Cytochemical Localization of Ouabain-sensitive,K + -dependent p -Nitrophenylphosphatase Activity in the Choroid Plexus of Normal and Reserpinized Guinea Pigs

Ouabain-sensitive, K⁺-dependent adenosine triphosphatase (Na,K-ATPase) participates in the active transport of Na⁺ and K⁺ ions. Na,K-ATPase activity is high in the choroid plexus and is responsible for the production and maintenance of the cerebrospinal fluid (Masuzawa et al. 1981; Watts et al. 1991). Reserpine belongs to the family of rauwolfia alkaloids and induces the release of biogenic amines. Using a cerium-based method (Kobayashi et al. 1987), Kanoh et al. (1993) and Kanoh (1994) determined the cytochemical localization of ouabain-sensitive, K⁺-dependent, p-nitrophenylphosphatase (K-NPPase) activity in strial marginal cells after reserpine administration and found that the enzyme activity was undetectable. Kanoh (1997) also investigated the cytochemical localization of K-NPPase activity in the reserpinized facial nerve and reported that the reaction product was undetectable on the internodal axolemma. The aim of the present study was to determine if there are any changes in K-NPPase activity in the choroid plexus after reserpine administration.

The choroid plexus was obtained from 12 Hartly guinea pigs, weighing 400-500 g, with a normal Prayer's reflex at 3 days (n = 3), 7 days (n = 3), and 20 days (n = 2) after one-shot reserpine administrat on (10 mg/kg IP) and from untreated animals (n = 4). Under deep ketamine hydrochloride anesthesia (IM), the animals were perfused through the heart with a fixative containing 2% paraformaldehyde and 0.05% glutaraldehyde in 0.1 M cacodylate buffer (pH 7.4). After decapitation, the choroid plexi were dissected from the excised brain and immersed in the same fixative for 1 hr at 4C. The tissue samples were rinsed in 50 mM Tricine buffer (pH 7.5) for 15 min and then incubated in medium according to the cerium method (Kobayashi et al. 1987). After cytochemical incubation, the tissues were postfixed with 2% OsO₄ in 0.2 M cacodylate buffer (pH 7.4) for 1 hr at room temperature. The specimens were then dehydrated through a graded series of alcohol solutions and propylene oxide and embedded in Spurr's epoxy resin. Uncontrasted ultrathin sections were then observed under a JEM-1200 electron microscope (JEOL; Tokyo, Japan). The animal use protocol was approved by the Institutional Animal Care and Use Committee of the Hyogo College of Medicine, and all experiments were performed in accordance with the guidelines of the Declaration of Helsinki.
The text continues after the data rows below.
lemma window_frame_of_discrete_frame:
  assumes "finite T" "0 \<in> T" "T \<subseteq> {0..L}"
    and discrete: "has_frame_bounds (\<lambda>f. \<Sum>\<tau>\<in>T. orbit_energy f \<tau>)"
    and total: "has_frame_bounds (\<lambda>f. \<integral>\<^sup>+ t\<in>{0..}. orbit_energy f t \<partial>lborel)"
  obtains L' where "L' > 0" "has_frame_bounds (\<lambda>f. \<integral>\<^sup>+ t\<in>{0..L'}. orbit_energy f t \<partial>lborel)"
proof -
  obtain c where "c > 0" and lower: "\<And>f. ennreal (c * (norm f)\<^sup>2) \<le> (\<Sum>\<tau>\<in>T. orbit_energy f \<tau>)"
    using discrete unfolding has_frame_bounds_def by blast
  obtain C where "C > 0"
    and upper: "\<And>f. (\<integral>\<^sup>+ t\<in>{0..}. orbit_energy f t \<partial>lborel) \<le> ennreal (C * (norm f)\<^sup>2)"
    using total unfolding has_frame_bounds_def by blast
  define m where "m = real (card T)"
  have "card T > 0"
    using assms(1,2) card_gt_0_iff by blast
  hence "m > 0"
    by (simp add: m_def)
  hence "c / (2 * m) > 0"
    using \<open>c > 0\<close> by simp
  then obtain \<delta> where "\<delta> > 0" and shift: "\<And>f r s. r \<in> {0..L} \<Longrightarrow> s \<in> {0..\<delta>} \<Longrightarrow>
      orbit_energy f r \<le> 2 * orbit_energy f (r + s) + ennreal (c / (2 * m) * (norm f)\<^sup>2)"
    by (rule orbit_energy_shift_bound) blast
  have shifted: "ennreal (c / 2 * (norm f)\<^sup>2) \<le> 2 * (\<Sum>\<tau>\<in>T. orbit_energy f (\<tau> + s))"
    if "s \<in> {0..\<delta>}" for f s
  proof -
    have "ennreal (c * (norm f)\<^sup>2)
        \<le> (\<Sum>\<tau>\<in>T. 2 * orbit_energy f (\<tau> + s) + ennreal (c / (2 * m) * (norm f)\<^sup>2))"
      using lower[of f] by (rule order_trans) (use assms(3) that shift in \<open>auto intro!: sum_mono\<close>)
    also have "\<dots> = 2 * (\<Sum>\<tau>\<in>T. orbit_energy f (\<tau> + s)) + ennreal (c / 2 * (norm f)\<^sup>2)"
      using \<open>m > 0\<close> \<open>c > 0\<close>
      by (simp add: sum.distrib sum_distrib_left m_def ennreal_of_nat_eq_real_of_nat ennreal_mult[symmetric])
    finally have "ennreal (c * (norm f)\<^sup>2 - c / 2 * (norm f)\<^sup>2)
        \<le> 2 * (\<Sum>\<tau>\<in>T. orbit_energy f (\<tau> + s))"
      by (rule ennreal_minus_le_of_le_add) (use \<open>c > 0\<close> in simp)
    thus ?thesis by simp
  qed
  have "ennreal (c * \<delta> / (4 * m) * (norm f)\<^sup>2) \<le> (\<integral>\<^sup>+ t\<in>{0..L + \<delta>}. orbit_energy f t \<partial>lborel)" for f
    using ennreal_divide_le_of_le_mult[OF window_energy_ge_of_shifted_sums[OF assms(1,3) \<open>\<delta> > 0\<close> _ shifted]]
      \<open>c > 0\<close> \<open>m > 0\<close> by (simp add: m_def field_simps)
  moreover have "(\<integral>\<^sup>+ t\<in>{0..L + \<delta>}. orbit_energy f t \<partial>lborel) \<le> ennreal (C * (norm f)\<^sup>2)" for f
    using set_nn_integral_mono_set[of "{0..L + \<delta>}" "{0..}"] upper[of f] by (auto intro: order_trans)
  ultimately have "has_frame_bounds (\<lambda>f. \<integral>\<^sup>+ t\<in>{0..L + \<delta>}. orbit_energy f t \<partial>lborel)"
    using \<open>c > 0\<close> \<open>\<delta> > 0\<close> \<open>m > 0\<close> \<open>C > 0\<close> by (intro has_frame_boundsI[of "c * \<delta> / (4 * m)" C]) simp_all
  moreover have "L + \<delta> > 0"
    using assms(2,3) \<open>\<delta> > 0\<close> by (simp add: add_nonneg_pos subset_iff)
  ultimately show ?thesis
    using that by blast
qed
(* Let $r,d\ge 1$, let $G=S_{r,d}$, and let $H=\langle h\rangle$ be a nontrivial cyclic subgroup of $G$. The following are equivalent: (1) $H$ is verbally closed in $G$; (2) $H$ is a retract of $G$; (3) the image of $h$ in $G/G'$ (a free abelian group of rank $r$) is primitive, i.e. it can be included in a basis of $G/G'$.
   Context: $S_{r,d}=F_r/F_r^{(d)}$, the free solvable group of rank $r$ and derived length $d$ ($F_r$ free of rank $r$, $F^{(d)}$ the $d$-th derived subgroup); $G'$ is the derived subgroup. A subgroup $H\le G$ is verbally closed in $G$ if for every group word $w(x_1,\dots,x_n)$ (without constants) and every $h\in H$, if the equation $w(x_1,\dots,x_n)=h$ has a solution in $G$, then it has a solution in $H$. A retract of $G$ is a subgroup $H$ for which there is an endomorphism $\rho:G\to G$ with $\rho(G)\subseteq H$ and $\rho|_H=\mathrm{id}_H$. *)

theory Defs
  imports "HOL-Algebra.Algebra"
begin

text \<open>A letter (b, i) stands for the generator x_i if b = False and for its
  inverse x_i^{-1} if b = True.  Group words (without constants) in variables
  x_0, x_1, ... are lists of letters.\<close>

type_synonym letter = "bool \<times> nat"

fun push :: "letter \<Rightarrow> letter list \<Rightarrow> letter list" where
  "push x [] = [x]"
| "push x (y # ys) = (if snd x = snd y \<and> fst x \<noteq> fst y then ys else x # y # ys)"

definition reduce :: "letter list \<Rightarrow> letter list" where
  "reduce xs = foldr push xs []"

fun reduced :: "letter list \<Rightarrow> bool" where
  "reduced [] = True"
| "reduced [x] = True"
| "reduced (x # y # ys) = (\<not> (snd x = snd y \<and> fst x \<noteq> fst y) \<and> reduced (y # ys))"

definition free_group :: "nat \<Rightarrow> letter list monoid" where
  "free_group r = \<lparr> carrier = {w. reduced w \<and> (\<forall>l \<in> set w. snd l < r)},
                    monoid.mult = (\<lambda>u v. reduce (u @ v)),
                    monoid.one = [] \<rparr>"

definition free_solvable_group :: "nat \<Rightarrow> nat \<Rightarrow> letter list set monoid" where
  "free_solvable_group r d =
     free_group r Mod ((derived (free_group r) ^^ d) (carrier (free_group r)))"

definition eval_word :: "('a, 'b) monoid_scheme \<Rightarrow> (nat \<Rightarrow> 'a) \<Rightarrow> letter list \<Rightarrow> 'a" where
  "eval_word G f w =
     foldr (\<lambda>l acc. (if fst l then inv\<^bsub>G\<^esub> (f (snd l)) else f (snd l)) \<otimes>\<^bsub>G\<^esub> acc) w \<one>\<^bsub>G\<^esub>"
The cytochemical examination of K-NPPase activity revealed a fine granular reaction product that was found exclusively on the microvilli of normal choroidal epithelium (Figure 1A). In choroid plexus 3 days after reserpinization (Figure 1B) and 7 days after reserpinization (Figure 1C), enzyme reaction product was almost undetectable. However, at 20 days after reserpinization reaction product was detectable (Figure 1D). The formation of reaction product was almost completely inhibited when 10 mM ouabain was included in the medium (Figure 2A), and reaction product was undetectable in a substrate-free medium (Figure 2B), and in a medium in which K+ had been replaced with Na+ (Figure 2C).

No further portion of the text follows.